Дело пропавшего взгляда

Следующая деталь связана со статусом взгляда. Так называемые посттеоретики (критики-когнитивисты психоаналитической теории кино) любят варьировать один мотив: как писатели «теории» ссылаются на такие мифические сущности, как (с большой буквы) Взгляд, сущности, которым не соответствуют никакие эмпирические, наблюдаемые факты (вроде настоящих кинозрителей и их поведения), – одно из эссе в книге, посвященной посттеории[40 - Post-Theory / ed. D. Bordwell and N. Carroll. Madison: University of Wisconsin Press, 1996.], называется «Дело пропавшего зрителя». В данном случае посттеория опирается на соответствующее здравому смыслу понятие о зрителе (субъекте, воспринимающем кинореальность на экране, обладающем эмоциональными и когнитивными предпочтениями и т. д.), и, разумеется, внутри этого простого противопоставления субъекта и объекта восприятия кино взгляду как точке, из которой сам наблюдаемый объект «возвращает взгляд» и смотрит на нас, зрителей, не остается места. В понимании взгляда Лаканом главное то, что взгляд подразумевает инверсию отношения между субъектом и объектом: сам Лакан в своем «Семинаре XI» утверждает, что между глазом и взглядом существует антиномия, то есть взгляд находится на стороне объекта, он представляет собой слепую точку в видимом поле, из которой само изображение фотографирует зрителя – или, как он выражается в «Семинаре I» (странная отсылка к которому в центральной сцене «Окна во двор» подкреплена тем фактом, что этот семинар был проведен в том же году, когда был снят фильм Хичкока, – 1954-м):

Я чувствую на себе взгляд чьих-то глаз, которых я не вижу и даже не могу разглядеть. Необходимо лишь, чтобы что-то указывало мне: там есть другие. Такое окно, за которым начинает темнеть и за которым, как мне кажется, кто-то есть, является прямым взглядом[41 - Lacan J. The Seminar. Book I: Freud’s Papers on Technique. New York: Norton, 1988. P. 215. Здесь цит. по: Bozovic M. The Man Behind His Own Retina // Zizek S. Everything You Always Wanted to Know About Lacan (But Were Afraid to Ask Hitchcock).].

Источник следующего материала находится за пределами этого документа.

(* For a pattern $\alpha$ let $H_\alpha(x)=\sum_{n\ge0}p_n(1213,\alpha)x^n$. Let $\rho=1(\tau+1)$ be a pattern of size at least two, where $\tau$ is a partition whose rightmost letter is greater than $1$. Then \[H_\rho(x)=1+\frac{x}{1-x}H_\tau(x)+\frac{x^2}{(1-x)(1-2x)}\bigl(H_\tau(x)-1\bigr).\] Consequently, if $p_n(1213,\tau)=p_n(1213,\tau')$ for all $n$ (with $\tau,\tau'$ both satisfying the hypothesis), then $p_n(1213,1(\tau+1))=p_n(1213,1(\tau'+1))$ for all $n$.
   Context: Set partitions of $[n]$ are written in canonical sequential form (restricted growth words). Pattern containment means having a subsequence order-isomorphic to the pattern; $p_n(T)$ is the number of partitions of $[n]$ avoiding every pattern in $T$. $\tau+1$ adds $1$ to every letter of $\tau$. *)

theory Defs
  imports "HOL-Computational_Algebra.Formal_Power_Series" "HOL-Library.Sublist"
begin

text \<open>Restricted growth words (canonical sequential form of a set partition),
  letters are positive naturals starting with 1.\<close>
definition rgw :: "nat list \<Rightarrow> bool" where
  "rgw w \<longleftrightarrow> (\<forall>i<length w. 1 \<le> w ! i \<and>
       w ! i \<le> Suc (foldr max (take i w) 0))"

definition order_iso :: "nat list \<Rightarrow> nat list \<Rightarrow> bool" where
  "order_iso a b \<longleftrightarrow> length a = length b \<and>
     (\<forall>i<length a. \<forall>j<length a. (a ! i \<le> a ! j \<longleftrightarrow> b ! i \<le> b ! j))"

definition contains :: "nat list \<Rightarrow> nat list \<Rightarrow> bool" where
  "contains w p \<longleftrightarrow> (\<exists>u. subseq u w \<and> order_iso u p)"

definition pn :: "nat \<Rightarrow> nat list set \<Rightarrow> nat" where
  "pn n T = card {w. rgw w \<and> length w = n \<and> (\<forall>t\<in>T. \<not> contains w t)}"

definition H :: "nat list \<Rightarrow> rat fps" where
  "H a = Abs_fps (\<lambda>n. of_nat (pn n {[1,2,1,3], a}))"

definition plus1 :: "nat list \<Rightarrow> nat list" where
  "plus1 t = map Suc t"

end

theory Submission
  imports Defs
begin

text \<open>A nonempty RGW avoiding 1213 factors uniquely as \<open>1\<^sup>j (v + 1) s\<close> with \<open>j \<ge> 1\<close>, where
  \<open>v + 1\<close> is the maximal block of letters \<open>\<ge> 2\<close> after the initial 1s and \<open>s\<close> is empty or
  starts with 1. The block \<open>v + 1\<close> begins with 2, so avoiding 1213 forces \<open>s\<close> to be a word over
  \<open>{1, 2}\<close>, and then the whole word avoids 1213 iff \<open>v\<close> does. Since \<open>\<tau>\<close> starts with 1 and ends
  above it, an occurrence of \<open>\<rho> = 1(\<tau> + 1)\<close> places \<open>\<tau> + 1\<close> on letters \<open>\<ge> 2\<close> ending in a
  letter \<open>\<ge> 3\<close>, i.e. inside \<open>v + 1\<close>; so the word avoids \<open>\<rho>\<close> iff \<open>v\<close> avoids \<open>\<tau>\<close>.
  Counting the factorisations, the run \<open>1\<^sup>j\<close> contributes \<open>x/(1 - x)\<close>, \<open>v\<close> contributes \<open>H\<^sub>\<tau>\<close>,
  and a nonempty \<open>s\<close>, which requires \<open>v \<noteq> []\<close>, contributes \<open>x/(1 - 2x)\<close>.\<close>

declare foldr_append [simp del] foldr_replicate [simp del]

lemma foldr_max_append: "foldr max (xs @ ys) (0::nat) = max (foldr max xs 0) (foldr max ys 0)"
  by (induct xs) auto

lemma foldr_max_upper: "x \<in> set xs \<Longrightarrow> x \<le> foldr max xs (0::nat)"
  by (induct xs) auto

lemma foldr_max_least: "(\<And>x. x \<in> set xs \<Longrightarrow> x \<le> m) \<Longrightarrow> foldr max xs (0::nat) \<le> m"
  by (induct xs) auto

lemma foldr_max_replicate: "1 \<le> j \<Longrightarrow> foldr max (replicate j x) (0::nat) = x"
  by (induct j) (auto simp: le_Suc_eq)

lemma foldr_max_map_Suc: "foldr max (map Suc v) 0 = (if v = [] then 0 else Suc (foldr max v 0))"
  by (induct v) auto

lemma rgw_Nil [simp]: "rgw []"
  by (simp add: rgw_def)

lemma rgw_snoc_iff: "rgw (w @ [x]) \<longleftrightarrow> rgw w \<and> 1 \<le> x \<and> x \<le> Suc (foldr max w 0)"
  unfolding rgw_def by (auto simp: nth_append less_Suc_eq)

lemma rgw_appendD: "rgw (u @ s) \<Longrightarrow> rgw u"
  unfolding rgw_def
proof (intro allI impI)
  fix i
  assume "\<forall>i<length (u @ s). 1 \<le> (u @ s) ! i \<and> (u @ s) ! i \<le> Suc (foldr max (take i (u @ s)) 0)"
    and "i < length u"
  then show "1 \<le> u ! i \<and> u ! i \<le> Suc (foldr max (take i u) 0)"
    by (auto simp: nth_append dest!: spec[of _ i])
qed

lemma rgw_letter_bounds: "rgw w \<Longrightarrow> x \<in> set w \<Longrightarrow> 1 \<le> x \<and> x \<le> length w"
proof (induct w arbitrary: x rule: rev_induct)
  case (snoc y w)
  then have "rgw w" "1 \<le> y" "y \<le> Suc (foldr max w 0)"
    by (auto simp: rgw_snoc_iff)
  moreover have "foldr max w 0 \<le> length w"
    using snoc \<open>rgw w\<close> by (auto intro: foldr_max_least)
  ultimately show ?case
    using snoc by fastforce
qed simp

lemma rgw_hd: "rgw w \<Longrightarrow> w \<noteq> [] \<Longrightarrow> hd w = 1"
  unfolding rgw_def by (cases w) force+

lemma rgw_replicate_one: "rgw (replicate j 1)"
proof (induct j)
  case (Suc j)
  then show ?case
    unfolding replicate_Suc replicate_append_same[symmetric] rgw_snoc_iff by simp
qed simp

lemma rgw_ones_shift_iff:
  assumes "1 \<le> j" "\<forall>x\<in>set v. 1 \<le> x"
  shows "rgw (replicate j 1 @ map Suc v) \<longleftrightarrow> rgw v"
  using assms(2)
proof (induct v rule: rev_induct)
  case Nil
  then show ?case
    using rgw_replicate_one by simp
next
  case (snoc x v)
  have "foldr max (replicate j 1 @ map Suc v) 0 = (if v = [] then 1 else Suc (foldr max v 0))"
    using assms(1) by (simp add: foldr_max_append foldr_max_replicate foldr_max_map_Suc)
  then show ?case
    using snoc by (auto simp: rgw_snoc_iff simp flip: append_assoc)
qed

lemma rgw_append_ones_twos:
  assumes "rgw u" "u \<noteq> []" "set s \<subseteq> {1, 2}"
  shows "rgw (u @ s)"
  using assms(3)
proof (induct s rule: rev_induct)
  case (snoc x s)
  have "1 \<le> foldr max u 0"
    using foldr_max_upper[OF hd_in_set[OF assms(2)]] rgw_hd[OF assms(1,2)] by simp
  then have "1 \<le> foldr max (u @ s) 0"
    by (simp add: foldr_max_append)
  with snoc show ?case
    by (auto simp: rgw_snoc_iff simp flip: append_assoc)
qed (use assms in simp)

lemma rgw_letter_after_ones:
  assumes "rgw (replicate j 1 @ x # r)" "1 \<le> j"
  shows "x \<le> 2"
  using rgw_appendD[of "replicate j 1 @ [x]" r] assms
  by (simp add: rgw_snoc_iff foldr_max_replicate)

lemma set_subseq: "subseq xs ys \<Longrightarrow> set xs \<subseteq> set ys"
  by (metis set_nths_subset subseq_conv_nths)

lemma subseq_map_rightE:
  assumes "subseq xs (map f ys)"
  obtains zs where "xs = map f zs" "subseq zs ys"
  using assms by (metis nths_map subseq_conv_nths)

lemma subseq_append_rightD:
  assumes "subseq u (r @ s)" "u \<noteq> []" "last u \<notin> set s"
  shows "subseq u r"
proof -
  obtain u1 u2 where u: "u = u1 @ u2" "subseq u1 r" "subseq u2 s"
    using assms(1) by (rule subseq_appendE)
  have "u2 = []"
    using u assms(3) set_subseq[OF u(3)] by (metis last_appendR last_in_set subsetD)
  with u show ?thesis
    by simp
qed

lemma order_iso_map_Suc_left [simp]: "order_iso (map Suc u) t \<longleftrightarrow> order_iso u t"
  by (simp add: order_iso_def)

lemma order_iso_map_Suc_right [simp]: "order_iso u (map Suc t) \<longleftrightarrow> order_iso u t"
  by (auto simp: order_iso_def)

lemma order_iso_length: "order_iso u t \<Longrightarrow> length u = length t"
  by (simp add: order_iso_def)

Разве это понятие о взгляде не находит идеального воплощения в образцовых хичкоковских сценах, когда субъект приближается к некоему ужасному, угрожающему объекту – как правило, к дому? Здесь мы сталкиваемся с антиномией между глазом и взглядом в ее чистейшем проявлении: глаз субъекта видит дом, и кажется, что дом, объект, непостижимым образом возвращает взгляд… В таком случае не удивительно, что посттеоретики говорят о «пропавшем взгляде», сетуя: фрейдистско-лакановский Взгляд – это мифическая сущность, которую невозможно обнаружить в реальности зрительского опыта, – этот взгляд по своей сути является пропавшим, а его статус чисто фантазматический. На базовом уровне здесь мы имеем дело с позитивизацией невозможности, порождающей объект-фетиш. Например, как объект-взгляд становится фетишем? Посредством гегелианского противоположения приходим от невозможности увидеть объект к объекту, который предоставляет тело для этой самой невозможности: поскольку субъект не может напрямую увидеть то, истинный объект притягательности, он совершает своего рода отражение-в-себя, посредством которого притягательный для него объект становится самим взглядом. В этом смысле (хотя и не полностью симметричным образом) взгляд и голос – это «рефлексивные» объекты, то есть объекты, предоставляющие тело для невозможности (на языке «матем» Лакана – малое a под минус малое фи).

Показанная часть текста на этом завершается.